A good father knows how to wait and knows how to forgive sincerely. Of course, he also knows how to give firm correction. He is not a weak father, a pushover, sentimental. The father who knows how to correct without discouraging is the same one who knows how to protect without sparing himself. Without the grace that comes from the Father who is in heaven, fathers lose courage and abandon the field. However, children need to find a father who is waiting for them when they return from their failures. 

Hallowed Be Thy Name

Psalm 131 says, "I have calmed and quieted my soul, like a child quieted at its mother's breast; like a child that is quieted is my soul." This is one of the many ways to hallow God's name: to feel like a child in his hands. God's name is mercy ... It is the wisdom of the simple who know they have a father who is always waiting for them. God is not waiting for you to knock at his door; it is he who knocks at yours, unsettling your heart. He is waiting for you first. I like to say it in Spanish: Dios nos primera. He makes the first move. God makes the first move. This is mercy.

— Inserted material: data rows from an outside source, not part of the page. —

(* Main result: psi = Psi o T(q), and T(q) decreases in q since T2 < T1. *)
theorem lemma3:
  fixes P :: "nat \<Rightarrow> real" and kmax :: nat and T1 T2 q :: real
  assumes "is_degree_dist P kmax"
    and "mean_deg P kmax > 0"
    and "0 < T2" and "T2 < T1" and "T1 < 1"
    and "q \<in> {0..1}"
    and "0 < psi P kmax T1 T2 q" and "psi P kmax T1 T2 q < 1"
  shows "\<exists>D. ((psi P kmax T1 T2) has_real_derivative D) (at q within {0..1}) \<and> D > 0"
proof -
  define Q where "Q = excess_dist P kmax"
  define Tq where "Tq x = (1 - x) * T1 + x * T2" for x
  define Psi where "Psi T = pgf P kmax (1 + (perc_fixpoint Q kmax T - 1) * T)" for T
  have Q_dist: "is_degree_dist Q kmax"
    using excess_dist_is_degree_dist[OF assms(1,2)] by (simp add: Q_def)
  have psi_eq: "psi P kmax T1 T2 = (\<lambda>x. Psi (Tq x))"
    using assms(1) Q_dist
    by (auto simp: psi_def G_fun_def u_star_def F_fun_def Psi_def Tq_def perc_fixpoint_def
          least_fixpoint_def gen_fun_eq_pgf is_degree_dist_def Q_def[symmetric])
  have "0 \<le> q * (T1 - T2)" and "q * (T1 - T2) \<le> T1 - T2"
    using assms(4,6) by (auto intro: mult_left_le_one_le)
  then have T0: "0 < Tq q" "Tq q < 1"
    using assms(3-5) by (auto simp: Tq_def algebra_simps)
  have "perc_fixpoint Q kmax (Tq q) \<noteq> 1"
    using assms(8) pgf_one[OF assms(1)] by (auto simp: psi_eq Psi_def)
  then have u0_lt: "perc_fixpoint Q kmax (Tq q) < 1"
    using perc_fixpoint(1)[OF Q_dist, of "Tq q"] by simp
  have P_nonneg: "\<And>k. 0 \<le> P k" and P_mean: "0 < pgf_deriv P kmax 1"
    using assms(1,2) by (auto simp: is_degree_dist_def mean_deg_eq_pgf_deriv)
  obtain D where dPsi: "(Psi has_real_derivative D) (at (Tq q))" and D: "D < 0"
    using perc_outbreak_deriv[OF Q_dist P_nonneg P_mean T0 u0_lt] unfolding Psi_def by blast
  have "(Tq has_real_derivative T2 - T1) (at q)"
    unfolding Tq_def by (auto intro!: derivative_eq_intros)
  from DERIV_chain2[OF dPsi this]
  have "((\<lambda>x. Psi (Tq x)) has_real_derivative D * (T2 - T1)) (at q within {0..1})"
    by (rule has_field_derivative_at_within)
  moreover have "0 < D * (T2 - T1)"
    using D assms(4) by (simp add: mult_neg_neg)
  ultimately show ?thesis by (auto simp: psi_eq)
qed

end
(* Let $f:[a,b]\to\mathbb{Q}_Q(\mathbb{R}^n)$ be continuous, let $x_0\in(a,b)$, and suppose $f$ is strongly affinely approximatable at $x_0$. Then there exist continuous functions $f_1,\dots,f_Q:[a,b]\to\mathbb{R}^n$ such that $f(x)=\sum_{i=1}^Q[[f_i(x)]]$ for all $x\in[a,b]$ and each $f_i$ is differentiable at $x_0$.
   Context: $\mathbb{Q}_Q(\mathbb{R}^n)$ denotes the set of unordered $Q$-tuples $\sum_{i=1}^Q[[a_i]]$ of points of $\mathbb{R}^n$ (two such sums are equal iff the tuples agree up to a permutation), with metric $\mathcal{G}\big(\sum_i[[a_i]],\sum_i[[b_i]]\big)=\min_{\sigma}\big(\sum_{i}|a_i-b_{\sigma(i)}|^2\big)^{1/2}$ over permutations $\sigma$. A function $f:[a,b]\to\mathbb{Q}_Q(\mathbb{R}^n)$ is affinely approximatable at $x_0$ if there are affine maps $A_1,\dots,A_Q:\mathbb{R}\to\mathbb{R}^n$ with $\lim_{x\to x_0}\mathcal{G}\big(f(x),\sum_{i=1}^Q[[A_i(x)]]\big)/|x-x_0|=0$; it is strongly affinely approximatable at $x_0$ if moreover these maps can be chosen so that $A_i=A_j$ whenever $A_i(x_0)=A_j(x_0)$. *)

theory Defs
  imports "HOL-Analysis.Analysis" "HOL-Library.Multiset"
begin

There are two requests that Jesus associates with the title Father: "hallowed by thy name" and "Thy kingdom come" (Luke 11:2). The prayer of Jesus, and therefore Christian prayer, is first a matter of making room for God, allowing him to manifest his holiness in us, and also advancing his kingdom through the possibility of exercising his lordship of love in our lives. 

Thy Kingdom Come

The kingdom of God is here and the kingdom of God will come. It is the treasure hidden in the field; it is the precious pearl for the sake of which the merchant sells all he has (Matthew 13:44-46). The kingdom of God is the good wheat that grows alongside the weeds, and you have to fight against the weeds (Matthew 13:24, 40). The kingdom of God is also hope; the kingdom of God is coming now but at the same time has not yet come completely. This is how the kingdom of God has already come: Jesus has taken flesh, he has become man like us, he walks with us, and he gives us hope for our tomorrow: "I am with you always, to the close of the age" (Matthew 28:20). The kingdom of God is something that belongs to us, or rather, it is better to think of it another way: we must allow ourselves to be possessed by the certainty that it has come. That is true Christian faith. But at the same time there is also the need to cast the anchor there and to hold on to the cord because the Kingdom is still coming. 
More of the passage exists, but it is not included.